ACTIVITY ▸ Use the entries below and reproduce exactly the lines from the one containing "L). (L, p - L, q" down to the one containing "(auto simp: fin_supp_zero", both of them included.

----------

lemma path_lift_in_squares:
  assumes g: "pathin (conf_space n) g" and n: "1 \<le> n"
    and p0: "p0 \<in> ordered_conf n" "p0 ` {..<n} = g 0"
  obtains N \<gamma> ctr rad where "1 \<le> N"
    "\<And>j. j < n \<Longrightarrow> continuous_on {0..1} (\<lambda>t. \<gamma> t j)"
    "\<And>t. t \<in> {0..1} \<Longrightarrow> \<gamma> t \<in> ordered_conf n \<and> \<gamma> t ` {..<n} = g t"
    "\<gamma> 0 = p0"
    "\<And>k. k < N \<Longrightarrow> 0 < rad k"
    "\<And>k i j. k < N \<Longrightarrow> i < n \<Longrightarrow> j < n \<Longrightarrow> i \<noteq> j \<Longrightarrow> square (ctr k i) (rad k) \<inter> square (ctr k j) (rad k) = {}"
    "\<And>k t j. k < N \<Longrightarrow> real k / real N \<le> t \<Longrightarrow> t \<le> (real k + 1) / real N \<Longrightarrow> j < n \<Longrightarrow>
       \<gamma> t j \<in> square (ctr k j) (rad k)"
proof -
  obtain N cs where N: "1 \<le> N" and cs: "\<And>k. k < N \<Longrightarrow> cs k \<in> topspace (conf_space n)"
    and near: "\<And>k t. k < N \<Longrightarrow> t \<in> {real k / real N .. (real k + 1) / real N} \<Longrightarrow> g t \<in> near_conf n (cs k)"
    using path_subdivision_near_conf[OF g n] by metis
  obtain q where q0: "q 0 = p0"
    and q: "\<And>k. k \<le> N \<Longrightarrow> q k \<in> ordered_conf n \<and> q k ` {..<n} = g (real k / real N)"
    and qSuc: "\<And>k. q (Suc k) = local_lift n g (cs k) (q k) ((real k + 1) / real N)"
    by (rule lifted_vertices[OF g p0 N, of cs]) (use cs near in auto)
  have Npos: "0 < real N" using N by simp
  have qnear: "q k ` {..<n} \<in> near_conf n (cs k)" if k: "k < N" for k
    using q[of k] k near[OF k, of "real k / real N"] by (auto simp: divide_right_mono)
  define f where "f = (\<lambda>k s. local_lift n g (cs k) (q k) ((real k + s) / real N))"
  define \<gamma> where "\<gamma> = join_pieces N f"
  have match: "f k 1 = f (Suc k) 0" if "Suc k < N" for k
    using local_lift_start[OF cs[OF that] _ qnear[OF that]] q[of "Suc k"] that
    unfolding f_def qSuc by (simp add: add.commute)
  have on_piece: "\<gamma> t = local_lift n g (cs k) (q k) t"
    if "k < N" "real k / real N \<le> t" "t \<le> (real k + 1) / real N" for k t
    using join_pieces_on_piece[of k N t f, OF that match] Npos unfolding \<gamma>_def f_def by (simp add: field_simps)
  have lift: "\<gamma> t \<in> ordered_conf n" "\<gamma> t ` {..<n} = g t"
    "\<And>j. j < n \<Longrightarrow> \<gamma> t j \<in> square (nearest_point (cs k) (q k j)) (separation_radius (cs k))"
    if "k < N" "real k / real N \<le> t" "t \<le> (real k + 1) / real N" for k t
    using local_lift(1-3)[OF cs[OF that(1)] _ qnear[OF that(1)] near[OF that(1)]]
      q[of k] that on_piece[OF that] by auto
  show ?thesis
  proof (rule that[of N \<gamma> "\<lambda>k. separation_radius (cs k)" "\<lambda>k j. nearest_point (cs k) (q k j)"])
    fix j assume j: "j < n"
    have "continuous_on {0..1} (\<lambda>s. f k s j)" if k: "k < N" for k
    proof -
      have "continuous_on {real k / real N .. (real k + 1) / real N} (\<lambda>t. local_lift n g (cs k) (q k) t j)"
        using continuous_on_local_lift[OF g piece_subset_unit[OF k] _ cs[OF k] _ qnear[OF k] j]
          near[OF k] q[of k] k by auto
      then show ?thesis unfolding f_def
        by (rule continuous_on_compose2) (use Npos in \<open>auto intro!: continuous_intros simp: field_split_simps\<close>)
    qed
    then have "continuous_on {0..1} (join_pieces N (\<lambda>k s. f k s j))"
      using match by (intro continuous_on_join_pieces[OF N]) auto
    then show "continuous_on {0..1} (\<lambda>t. \<gamma> t j)" unfolding \<gamma>_def join_pieces_def by simp
  next
    fix t :: real assume "t \<in> {0..1}"
    then show "\<gamma> t \<in> ordered_conf n \<and> \<gamma> t ` {..<n} = g t"
      using lift(1,2) piece_index_param[OF N] by (meson atLeastAtMost_iff)
  next
    show "\<gamma> 0 = p0" using on_piece[of 0 0] local_lift_start[OF cs _ qnear, of 0] N q[of 0] q0 p0 by simp
  next
    fix k i j assume "k < N" "i < n" "j < n" "i \<noteq> j"
    then show "square (nearest_point (cs k) (q k i)) (separation_radius (cs k))
        \<inter> square (nearest_point (cs k) (q k j)) (separation_radius (cs k)) = {}"
      using disjoint_nearest_squares[OF cs _ qnear] q by auto
  qed (use N separation_radius(1) finite_conf_space_elem(1) cs lift(3) in auto)
qed
lemma has_sum_diagonal:
  fixes f :: "nat \<times> nat \<Rightarrow> 'a :: {comm_monoid_add, uniform_space, uniform_topological_group_add}"
  assumes "(f has_sum S) UNIV"
  shows "((\<lambda>n. \<Sum>p\<le>n. f (p, n - p)) has_sum S) UNIV"
proof -
  have "((\<lambda>(n, p). f (p, n - p)) has_sum S) (SIGMA n:UNIV. {..n})"
    using assms
    by (subst has_sum_reindex_bij_witness[where j = "\<lambda>(n, p). (p, n - p)" and i = "\<lambda>(p, q). (p + q, p)"
          and T = UNIV and h = f]) auto
  then show ?thesis
    by (rule has_sum_Sigma') auto
qed

lemma has_sum_regroup_min:
  fixes f :: "nat \<times> nat \<times> nat \<Rightarrow> 'a :: {comm_monoid_add, uniform_space, uniform_topological_group_add}"
  assumes "(f has_sum S) UNIV"
  shows "((\<lambda>(p, q). \<Sum>L\<le>min p q. f (L, p - L, q - L)) has_sum S) UNIV"
proof -
  have "((\<lambda>((p, q), L). f (L, p - L, q - L)) has_sum S) (SIGMA pq:UNIV. {..min (fst pq) (snd pq)})"
    using assms
    by (subst has_sum_reindex_bij_witness[where j = "\<lambda>((p, q), L). (L, p - L, q - L)"
          and i = "\<lambda>(L, i, j). ((L + i, L + j), L)" and T = UNIV and h = f]) auto
  then show ?thesis
    by (rule has_sum_Sigma') (auto simp: case_prod_unfold)
qed

lemma has_sum_exp_series: "((\<lambda>n. x ^ n / fact n) has_sum exp x) UNIV"
  for x :: real
proof -
  have "(\<lambda>n. x ^ n / fact n) sums exp x"
    using exp_converges[of x] by (simp add: divide_inverse_commute)
  moreover have "summable (\<lambda>n. norm (x ^ n / fact n))"
    using summable_exp[of "norm x"] by (simp add: norm_divide norm_power divide_inverse_commute abs_mult power_abs)
  ultimately show ?thesis
    by (simp add: norm_summable_imp_has_sum)
qed
section \<open>Compatibility\<close>

lemma fin_supp_zero: "fin_supp 0"
  and fin_supp_msingle: "fin_supp (ctx_msingle x A)"
  and fin_supp_plus: "fin_supp G \<Longrightarrow> fin_supp D \<Longrightarrow> fin_supp (G + D)"
  and fin_supp_tail: "fin_supp G \<Longrightarrow> fin_supp (ctx_tail G)"
proof -
  show "fin_supp 0" "fin_supp (ctx_msingle x A)"
    by (auto simp: fin_supp_def zero_fun_apply ctx_msingle_def intro: finite_subset[of _ "{x}"])
  show "fin_supp G \<Longrightarrow> fin_supp D \<Longrightarrow> fin_supp (G + D)"
    unfolding fin_supp_def
    by (rule finite_subset[of _ "{x. G x \<noteq> {#}} \<union> {x. D x \<noteq> {#}}"]) (auto simp: plus_fun_apply)
  have "{x. ctx_tail G x \<noteq> {#}} = Suc -` {x. G x \<noteq> {#}}"
    by (auto simp: ctx_tail_def)
  then show "fin_supp G \<Longrightarrow> fin_supp (ctx_tail G)"
    unfolding fin_supp_def by (metis finite_vimageI inj_Suc)
qed

lemma has_type_fin_supp: "has_type G t L m e \<Longrightarrow> fin_supp G"
  and has_mtype_fin_supp: "has_mtype G t M m e \<Longrightarrow> fin_supp G"
  by (induction rule: has_type_has_mtype.inducts)
    (auto simp: fin_supp_zero fin_supp_msingle fin_supp_plus fin_supp_tail)

lemma typ_equiv_iff: "typ_equiv t u \<longleftrightarrow> (\<forall>G L. typable G t L \<longleftrightarrow> typable G u L)"
  unfolding typ_equiv_def typable_def using has_type_fin_supp by blast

----------

EXERCISE RESPONSE ▸
    by (subst has_sum_reindex_bij_witness[where j = "\<lambda>((p, q), L). (L, p - L, q - L)"
          and i = "\<lambda>(L, i, j). ((L + i, L + j), L)" and T = UNIV and h = f]) auto
  then show ?thesis
    by (rule has_sum_Sigma') (auto simp: case_prod_unfold)
qed

lemma has_sum_exp_series: "((\<lambda>n. x ^ n / fact n) has_sum exp x) UNIV"
  for x :: real
proof -
  have "(\<lambda>n. x ^ n / fact n) sums exp x"
    using exp_converges[of x] by (simp add: divide_inverse_commute)
  moreover have "summable (\<lambda>n. norm (x ^ n / fact n))"
    using summable_exp[of "norm x"] by (simp add: norm_divide norm_power divide_inverse_commute abs_mult power_abs)
  ultimately show ?thesis
    by (simp add: norm_summable_imp_has_sum)
qed
section \<open>Compatibility\<close>

lemma fin_supp_zero: "fin_supp 0"
  and fin_supp_msingle: "fin_supp (ctx_msingle x A)"
  and fin_supp_plus: "fin_supp G \<Longrightarrow> fin_supp D \<Longrightarrow> fin_supp (G + D)"
  and fin_supp_tail: "fin_supp G \<Longrightarrow> fin_supp (ctx_tail G)"
proof -
  show "fin_supp 0" "fin_supp (ctx_msingle x A)"
    by (auto simp: fin_supp_def zero_fun_apply ctx_msingle_def intro: finite_subset[of _ "{x}"])
  show "fin_supp G \<Longrightarrow> fin_supp D \<Longrightarrow> fin_supp (G + D)"
    unfolding fin_supp_def
    by (rule finite_subset[of _ "{x. G x \<noteq> {#}} \<union> {x. D x \<noteq> {#}}"]) (auto simp: plus_fun_apply)
  have "{x. ctx_tail G x \<noteq> {#}} = Suc -` {x. G x \<noteq> {#}}"
    by (auto simp: ctx_tail_def)
  then show "fin_supp G \<Longrightarrow> fin_supp (ctx_tail G)"
    unfolding fin_supp_def by (metis finite_vimageI inj_Suc)
qed

lemma has_type_fin_supp: "has_type G t L m e \<Longrightarrow> fin_supp G"
  and has_mtype_fin_supp: "has_mtype G t M m e \<Longrightarrow> fin_supp G"
  by (induction rule: has_type_has_mtype.inducts)
    (auto simp: fin_supp_zero fin_supp_msingle fin_supp_plus fin_supp_tail)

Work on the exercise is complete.